_Records to process:_
------
(* For all real $a$ and $y>0$, $$\frac{\Gamma(a,y)}{\Gamma(a-1,y)}<\frac12\left[y+a+\sqrt{(y-a)^2+4y}\right]$$ and $$\Gamma(a,y)>\frac{2y^a e^{-y}}{y+1-a+\sqrt{(y-a-1)^2+4y}}.$$
   Context: $\Gamma(a,y)=\int_y^{\infty} t^{a-1}e^{-t}\,dt$ is the upper incomplete gamma function, defined for all real $a$ when $y>0$. *)

theory Defs
  imports "HOL-Analysis.Analysis"
begin

definition upper_inc_gamma :: "real \<Rightarrow> real \<Rightarrow> real" where
  "upper_inc_gamma a y = integral {y..} (\<lambda>t. t powr (a - 1) * exp (- t))"

end

theory Submission
  imports Defs
begin

text \<open>Let \<open>f t = t powr (a - 1) * exp (- t)\<close> and let \<open>F\<close> be the claimed lower bound
  \<open>2 t\<^sup>a e\<^sup>-\<^sup>t / P t\<close> with \<open>P t = t + 1 - a + sqrt ((t - a - 1)\<^sup>2 + 4 t)\<close>. Then \<open>F\<close> vanishes
  at infinity and \<open>f + F' > 0\<close>, so \<open>\<Gamma>(a, y) = \<integral>\<^sub>y\<^sup>\<infinity> f > \<integral>\<^sub>y\<^sup>\<infinity> - F' = F y\<close>. The bound on the
  ratio follows from the recurrence \<open>\<Gamma>(a, y) = (a - 1) \<Gamma>(a - 1, y) + y\<^sup>a\<^sup>-\<^sup>1 e\<^sup>-\<^sup>y\<close> and the
  lower bound for \<open>\<Gamma>(a - 1, y)\<close>.\<close>

lemma integral_FTC_atLeast:
  fixes g G :: "real \<Rightarrow> real"
  assumes g: "g absolutely_integrable_on {y..}"
    and deriv: "\<And>t. t \<ge> y \<Longrightarrow> (G has_real_derivative g t) (at t)"
    and lim: "(G \<longlongrightarrow> L) at_top"
  shows "integral {y..} g = L - G y"
proof -
  have g_int: "g absolutely_integrable_on {y..x}" for x
    by (rule set_integrable_subset[OF g]) auto
  have "((\<lambda>x. LINT t:{y..x}|lebesgue. g t) \<longlongrightarrow> (LINT t:{y..}|lebesgue. g t)) at_top"
    by (rule tendsto_set_lebesgue_integral_at_top) (use g in auto)
  then have partial: "((\<lambda>x. integral {y..x} g) \<longlongrightarrow> integral {y..} g) at_top"
    using g g_int by (simp add: set_lebesgue_integral_eq_integral(2))
  have FTC: "integral {y..x} g = G x - G y" if "x \<ge> y" for x
    using that deriv
    by (intro integral_unique fundamental_theorem_of_calculus)
       (auto intro: has_field_derivative_at_within simp: has_real_derivative_iff_has_vector_derivative[symmetric])
  have "((\<lambda>x. G x - G y) \<longlongrightarrow> L - G y) at_top"
    by (intro tendsto_intros lim)
  moreover have "\<forall>\<^sub>F x in at_top. G x - G y = integral {y..x} g"
    using eventually_ge_at_top[of y] by eventually_elim (simp add: FTC)
  ultimately have "((\<lambda>x. integral {y..x} g) \<longlongrightarrow> L - G y) at_top"
    by (rule Lim_transform_eventually)
  with partial show ?thesis
    by (rule tendsto_unique[OF trivial_limit_at_top_linorder])
qed

lemma integral_atLeast_gt_by_FTC:
  fixes f F F' :: "real \<Rightarrow> real"
  assumes f_int: "f integrable_on {y..}" and f_nonneg: "\<And>t. t \<ge> y \<Longrightarrow> f t \<ge> 0"
    and deriv: "\<And>t. t \<ge> y \<Longrightarrow> (F has_real_derivative F' t) (at t)"
    and cont: "continuous_on {y..} (\<lambda>t. f t + F' t)"
    and pos: "\<And>t. t \<ge> y \<Longrightarrow> f t + F' t > 0"
    and lim: "(F \<longlongrightarrow> 0) at_top"
  shows "integral {y..} f > F y"
proof -
  define H where "H t = f t + F' t" for t
  have H_int: "H integrable_on {y..x}" for x
    using cont by (intro integrable_continuous_interval) (auto simp: H_def[abs_def] intro: continuous_on_subset)
  have "integral {y..y+1} (\<lambda>t. 0) < integral {y..y+1} H"
    using cont pos by (intro integral_less_real) (auto simp: H_def[abs_def] intro: continuous_on_subset)
  then have "\<forall>\<^sub>F x in at_top. F x < integral {y..y+1} H"
    by (intro order_tendstoD(2)[OF lim]) simp
  then obtain x where x: "x \<ge> y + 1" "F x < integral {y..y+1} H"
    by (metis eventually_at_top_linorder linorder_linear)
  have "(F' has_integral F x - F y) {y..x}"
    using x deriv
    by (intro fundamental_theorem_of_calculus)
       (auto intro: has_field_derivative_at_within simp: has_real_derivative_iff_has_vector_derivative[symmetric])
  then have "((\<lambda>t. H t - F' t) has_integral integral {y..x} H - (F x - F y)) {y..x}"
    using H_int by (intro has_integral_diff) auto
  then have FTC: "integral {y..x} f = integral {y..x} H - (F x - F y)"
    by (simp add: H_def integral_unique)
  have "F y < F y + integral {y..y+1} H - F x"
    using x by simp
  also have "\<dots> \<le> F y + integral {y..x} H - F x"
    using x pos H_int by (simp, intro integral_subset_le) (auto simp: H_def less_imp_le)
  also have "\<dots> = integral {y..x} f"
    by (simp add: FTC)
  also have "\<dots> \<le> integral {y..} f"
    using f_int f_nonneg by (intro integral_subset_le integrable_on_subinterval[OF f_int]) auto
  finally show ?thesis .
qed

lemma upper_inc_gamma_integrand_absolutely_integrable:
  fixes a y :: real
  assumes y: "y > 0"
  shows "(\<lambda>t. t powr (a - 1) * exp (- t)) absolutely_integrable_on {y..}"
proof -
  define b where "b = max a 1"
  have b: "b > 0" "a - b \<le> 0" by (auto simp: b_def)
  have "(\<lambda>t. t powr (b - 1) / exp t) integrable_on {0..}"
    using Gamma_integral_real[OF b(1)] by blast
  then have "(\<lambda>t. t powr (b - 1) / exp t) absolutely_integrable_on {0..}"
    by (rule nonnegative_absolutely_integrable_1) simp
  then have "(\<lambda>t. t powr (b - 1) / exp t) absolutely_integrable_on {y..}"
    by (rule set_integrable_subset) (use y in auto)
  then have "(\<lambda>t. y powr (a - b) * (t powr (b - 1) / exp t)) absolutely_integrable_on {y..}"
    by (rule set_integrable_mult_right)
  then have "(\<lambda>t. y powr (a - b) * (t powr (b - 1) / exp t)) integrable_on {y..}"
    by (simp add: absolutely_integrable_on_def)
  moreover have "(\<lambda>t. t powr (a - 1) * exp (- t)) \<in> borel_measurable (lebesgue_on {y..})"
    using y by (intro continuous_imp_measurable_on_sets_lebesgue) (auto intro!: continuous_intros)
  moreover have "norm (t powr (a - 1) * exp (- t)) \<le> y powr (a - b) * (t powr (b - 1) / exp t)"
    if t: "t \<in> {y..}" for t
  proof -
    have "t powr (a - 1) = t powr (a - b) * t powr (b - 1)"
      by (simp add: powr_add[symmetric])
    also have "\<dots> \<le> y powr (a - b) * t powr (b - 1)"
      using t y b(2) by (intro mult_right_mono powr_mono2') auto
    finally show ?thesis
      by (simp add: exp_minus field_simps)
  qed
  ultimately show ?thesis
    by (intro measurable_bounded_by_integrable_imp_absolutely_integrable) auto
qed

lemma upper_inc_gamma_recurrence:
  fixes a y :: real
  assumes y: "y > 0"
  shows "upper_inc_gamma a y = (a - 1) * upper_inc_gamma (a - 1) y + y powr (a - 1) * exp (- y)"
proof -
  define f where "f b t = t powr (b - 1) * exp (- t)" for b t :: real
  have gamma_f: "upper_inc_gamma b y = integral {y..} (f b)" for b
    by (simp add: upper_inc_gamma_def f_def[abs_def])
  have abs_int: "f b absolutely_integrable_on {y..}" for b
    unfolding f_def using upper_inc_gamma_integrand_absolutely_integrable[OF y] .
  then have int: "f b integrable_on {y..}" for b
    by (simp add: absolutely_integrable_on_def)
  have "integral {y..} (\<lambda>t. f a t - (a - 1) * f (a - 1) t) = 0 - (- f a y)"
  proof (rule integral_FTC_atLeast)
    show "(\<lambda>t. f a t - (a - 1) * f (a - 1) t) absolutely_integrable_on {y..}"
      using abs_int by (intro set_integral_diff(1) set_integrable_mult_right)
    show "((\<lambda>t. - f a t) has_real_derivative f a t - (a - 1) * f (a - 1) t) (at t)" if "t \<ge> y" for t
      using that y unfolding f_def
      by (auto intro!: derivative_eq_intros simp: field_simps)
    show "((\<lambda>t. - f a t) \<longlongrightarrow> 0) at_top"
      unfolding f_def by real_asymp
  qed
  moreover have "integral {y..} (\<lambda>t. f a t - (a - 1) * f (a - 1) t)
      = upper_inc_gamma a y - (a - 1) * upper_inc_gamma (a - 1) y"
    using int by (simp add: integral_diff integrable_on_mult_right gamma_f)
  ultimately show ?thesis
    by (simp add: f_def)
qed

lemma mult_sqrt_square_add_less:
  fixes u t :: real
  assumes "t > 0"
  shows "u * sqrt (u\<^sup>2 + 4 * t) < u\<^sup>2 + 2 * t"
proof -
  have "(u * sqrt (u\<^sup>2 + 4 * t))\<^sup>2 = u\<^sup>2 * (u\<^sup>2 + 4 * t)"
    using assms by (simp add: power_mult_distrib)
  also have "\<dots> < (u\<^sup>2 + 2 * t)\<^sup>2"
    using assms by (simp add: power2_eq_square algebra_simps)
  finally show ?thesis
    using assms by (smt (verit) power2_less_imp_less zero_le_power2)
qed

lemma sqrt_bound_denominator_gt_2:
  fixes a t :: real
  assumes "t > 0"
  shows "t + 1 - a + sqrt ((t - a - 1)\<^sup>2 + 4 * t) > 2"
proof -
  have "\<bar>t - a - 1\<bar> < sqrt ((t - a - 1)\<^sup>2 + 4 * t)"
    using assms by (intro real_less_rsqrt) (simp add: power2_abs)
  then show ?thesis by simp
qed

text \<open>Multiplied by \<open>S (t + 1 - a + S)\<close>, the left-hand side becomes \<open>u\<^sup>2 + 2 t - u S\<close> with
  \<open>u = t - a - 1\<close>, which is positive because \<open>(u\<^sup>2 + 2 t)\<^sup>2 - (u S)\<^sup>2 = 4 t\<^sup>2\<close>.\<close>

lemma upper_inc_gamma_bound_slope_pos:
  fixes a t S :: real
  assumes t: "t > 0" and S: "S = sqrt ((t - a - 1)\<^sup>2 + 4 * t)"
  shows "1 + 2 * (a - t - t / S) / (t + 1 - a + S) > 0"
proof -
  define P where "P = t + 1 - a + S"
  have S_pos: "S > 0" and S_sq: "S\<^sup>2 = (t - a - 1)\<^sup>2 + 4 * t"
    using t by (auto simp: S add_nonneg_pos)
  have P_pos: "P > 0"
    using sqrt_bound_denominator_gt_2[OF t, of a] by (simp add: P_def S)
  have "S * P + 2 * S * (a - t) - 2 * t = (t - a - 1)\<^sup>2 + 2 * t - (t - a - 1) * S"
    using S_sq by (simp add: P_def algebra_simps power2_eq_square)
  also have "\<dots> > 0"
    using mult_sqrt_square_add_less[OF t, of "t - a - 1"] by (simp add: S)
  finally have "(S * P + 2 * S * (a - t) - 2 * t) / (S * P) > 0"
    using S_pos P_pos by simp
  also have "(S * P + 2 * S * (a - t) - 2 * t) / (S * P) = 1 + 2 * (a - t - t / S) / P"
    using S_pos P_pos by (simp add: field_simps)
  finally show ?thesis
    by (simp add: P_def)
qed

lemma upper_inc_gamma_bound_tendsto_0:
  fixes a :: real
  shows "((\<lambda>t. 2 * t powr a * exp (- t) / (t + 1 - a + sqrt ((t - a - 1)\<^sup>2 + 4 * t))) \<longlongrightarrow> 0) at_top"
    (is "(?F \<longlongrightarrow> 0) at_top")
proof (rule tendsto_sandwich)
  have F_bounds: "0 \<le> ?F t \<and> ?F t \<le> t powr a * exp (- t)" if "t > 0" for t
  proof -
    define P where "P = t + 1 - a + sqrt ((t - a - 1)\<^sup>2 + 4 * t)"
    have "P > 2"
      using sqrt_bound_denominator_gt_2[OF that] by (simp add: P_def)
    then have "2 * (t powr a * exp (- t)) \<le> P * (t powr a * exp (- t))"
      by (intro mult_right_mono) auto
    moreover have "?F t = 2 * (t powr a * exp (- t)) / P"
      by (simp add: P_def)
    ultimately show ?thesis
      using \<open>P > 2\<close> by (simp add: divide_le_eq mult.commute)
  qed
  show "\<forall>\<^sub>F t in at_top. 0 \<le> ?F t" "\<forall>\<^sub>F t in at_top. ?F t \<le> t powr a * exp (- t)"
    using eventually_gt_at_top[of 0] by (eventually_elim, use F_bounds in blast)+
  show "((\<lambda>t. t powr a * exp (- t)) \<longlongrightarrow> 0) at_top"
    by real_asymp
qed simp

lemma upper_inc_gamma_gt_lower_bound:
  fixes a y :: real
  assumes y: "y > 0"
  shows "upper_inc_gamma a y > 2 * y powr a * exp (- y) / (y + 1 - a + sqrt ((y - a - 1)\<^sup>2 + 4 * y))"
proof -
  define S where "S t = sqrt ((t - a - 1)\<^sup>2 + 4 * t)" for t
  define P where "P t = t + 1 - a + S t" for t
  define f where "f t = t powr (a - 1) * exp (- t)" for t
  define F where "F t = 2 * t powr a * exp (- t) / P t" for t
  define F' where "F' t = 2 * f t * (a - t - t / S t) / P t" for t
  have S_pos: "S t > 0" if "t > 0" for t
    using that by (simp add: S_def add_nonneg_pos)
  have P_pos: "P t > 0" if "t > 0" for t
    using sqrt_bound_denominator_gt_2[OF that, of a] by (simp add: P_def S_def)
  have S_deriv: "(S has_real_derivative (t - a + 1) / S t) (at t)" if "t > 0" for t
    using that S_pos[OF that] unfolding S_def[abs_def]
    by (auto intro!: derivative_eq_intros simp: S_def[symmetric] field_simps)
  have P_deriv: "(P has_real_derivative P t / S t) (at t)" if "t > 0" for t
  proof -
    have "1 + (t - a + 1) / S t = P t / S t"
      using S_pos[OF that] by (simp add: P_def field_simps)
    then show ?thesis
      unfolding P_def[abs_def] by (auto intro!: derivative_eq_intros S_deriv[OF that])
  qed
  have F_deriv: "(F has_real_derivative F' t) (at t)" if "t > 0" for t
    using that S_pos[OF that] P_pos[OF that] unfolding F_def[abs_def]
    by (auto intro!: derivative_eq_intros P_deriv simp: F'_def f_def powr_diff field_simps)
  have pos: "f t + F' t > 0" if "t > 0" for t
  proof -
    have "f t + F' t = f t * (1 + 2 * (a - t - t / S t) / P t)"
      using P_pos[OF that] by (simp add: F'_def field_simps)
    moreover have "1 + 2 * (a - t - t / S t) / P t > 0"
      using upper_inc_gamma_bound_slope_pos[OF that] by (simp add: P_def S_def)
    ultimately show ?thesis
      using that by (simp add: f_def)
  qed
  have "continuous_on {y..} S" "continuous_on {y..} P"
    using y by (auto intro!: continuous_at_imp_continuous_on DERIV_isCont S_deriv P_deriv)
  then have cont: "continuous_on {y..} (\<lambda>t. f t + F' t)"
    using y S_pos P_pos unfolding f_def F'_def
    by (intro continuous_intros) (auto simp: less_imp_neq[symmetric])
  have lim: "(F \<longlongrightarrow> 0) at_top"
    using upper_inc_gamma_bound_tendsto_0[of a] by (simp add: F_def[abs_def] P_def S_def)
  have f_int: "f integrable_on {y..}"
    using upper_inc_gamma_integrand_absolutely_integrable[OF y]
    by (simp add: absolutely_integrable_on_def f_def[abs_def])
  have "F y < integral {y..} f"
  proof (rule integral_atLeast_gt_by_FTC[OF f_int _ _ cont _ lim])
    fix t assume "y \<le> t"
    with y have "t > 0" by linarith
    then show "(F has_real_derivative F' t) (at t)" "f t + F' t > 0"
      by (fact F_deriv pos)+
    show "0 \<le> f t"
      by (simp add: f_def)
  qed
  then show ?thesis
    by (simp add: upper_inc_gamma_def F_def P_def S_def f_def[abs_def])
qed

theorem corollary8:
  fixes a y :: real
  assumes "y > 0"
  shows "upper_inc_gamma a y / upper_inc_gamma (a - 1) y
           < (y + a + sqrt ((y - a)\<^sup>2 + 4 * y)) / 2
         \<and> upper_inc_gamma a y
           > 2 * y powr a * exp (- y) / (y + 1 - a + sqrt ((y - a - 1)\<^sup>2 + 4 * y))"
proof
  define R where "R = sqrt ((y - a)\<^sup>2 + 4 * y)"
  define e where "e = y powr (a - 1) * exp (- y)"
  define g where "g = upper_inc_gamma (a - 1) y"
  have bound: "2 * e / (y + 2 - a + R) < g"
    using upper_inc_gamma_gt_lower_bound[OF assms, of "a - 1"]
    by (simp add: e_def g_def R_def algebra_simps)
  have D: "y + 2 - a + R > 0"
    using real_sqrt_abs[of "y - a"] real_sqrt_le_mono[of "(y - a)\<^sup>2" "(y - a)\<^sup>2 + 4 * y"] assms
    by (simp add: R_def)
  have "e > 0"
    using assms by (simp add: e_def)
  then have g_pos: "g > 0"
    using bound D by (smt (verit) divide_pos_pos)
  with bound D have ratio: "e / g < (y + 2 - a + R) / 2"
    by (simp add: field_simps)
  have "upper_inc_gamma a y = (a - 1) * g + e"
    unfolding g_def e_def by (rule upper_inc_gamma_recurrence[OF assms])
  then have "upper_inc_gamma a y / g = (a - 1) + e / g"
    using g_pos by (simp add: add_divide_distrib)
  also have "\<dots> < (y + a + R) / 2"
    using ratio by simp
  finally show "upper_inc_gamma a y / upper_inc_gamma (a - 1) y < (y + a + R) / 2"
    by (simp only: g_def)
  show "upper_inc_gamma a y > 2 * y powr a * exp (- y) / (y + 1 - a + sqrt ((y - a - 1)\<^sup>2 + 4 * y))"
    by (rule upper_inc_gamma_gt_lower_bound[OF assms])
qed

end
------
_About this task:_ Output the lines above between the one holding "exp t) integrable_on" and the one holding "proof (rule integral_FTC_atLeast)", inclusive, with nothing before or after them.

_Written response:_
  have "(\<lambda>t. t powr (b - 1) / exp t) integrable_on {0..}"
    using Gamma_integral_real[OF b(1)] by blast
  then have "(\<lambda>t. t powr (b - 1) / exp t) absolutely_integrable_on {0..}"
    by (rule nonnegative_absolutely_integrable_1) simp
  then have "(\<lambda>t. t powr (b - 1) / exp t) absolutely_integrable_on {y..}"
    by (rule set_integrable_subset) (use y in auto)
  then have "(\<lambda>t. y powr (a - b) * (t powr (b - 1) / exp t)) absolutely_integrable_on {y..}"
    by (rule set_integrable_mult_right)
  then have "(\<lambda>t. y powr (a - b) * (t powr (b - 1) / exp t)) integrable_on {y..}"
    by (simp add: absolutely_integrable_on_def)
  moreover have "(\<lambda>t. t powr (a - 1) * exp (- t)) \<in> borel_measurable (lebesgue_on {y..})"
    using y by (intro continuous_imp_measurable_on_sets_lebesgue) (auto intro!: continuous_intros)
  moreover have "norm (t powr (a - 1) * exp (- t)) \<le> y powr (a - b) * (t powr (b - 1) / exp t)"
    if t: "t \<in> {y..}" for t
  proof -
    have "t powr (a - 1) = t powr (a - b) * t powr (b - 1)"
      by (simp add: powr_add[symmetric])
    also have "\<dots> \<le> y powr (a - b) * t powr (b - 1)"
      using t y b(2) by (intro mult_right_mono powr_mono2') auto
    finally show ?thesis
      by (simp add: exp_minus field_simps)
  qed
  ultimately show ?thesis
    by (intro measurable_bounded_by_integrable_imp_absolutely_integrable) auto
qed

lemma upper_inc_gamma_recurrence:
  fixes a y :: real
  assumes y: "y > 0"
  shows "upper_inc_gamma a y = (a - 1) * upper_inc_gamma (a - 1) y + y powr (a - 1) * exp (- y)"
proof -
  define f where "f b t = t powr (b - 1) * exp (- t)" for b t :: real
  have gamma_f: "upper_inc_gamma b y = integral {y..} (f b)" for b
    by (simp add: upper_inc_gamma_def f_def[abs_def])
  have abs_int: "f b absolutely_integrable_on {y..}" for b
    unfolding f_def using upper_inc_gamma_integrand_absolutely_integrable[OF y] .
  then have int: "f b integrable_on {y..}" for b
    by (simp add: absolutely_integrable_on_def)
  have "integral {y..} (\<lambda>t. f a t - (a - 1) * f (a - 1) t) = 0 - (- f a y)"
  proof (rule integral_FTC_atLeast)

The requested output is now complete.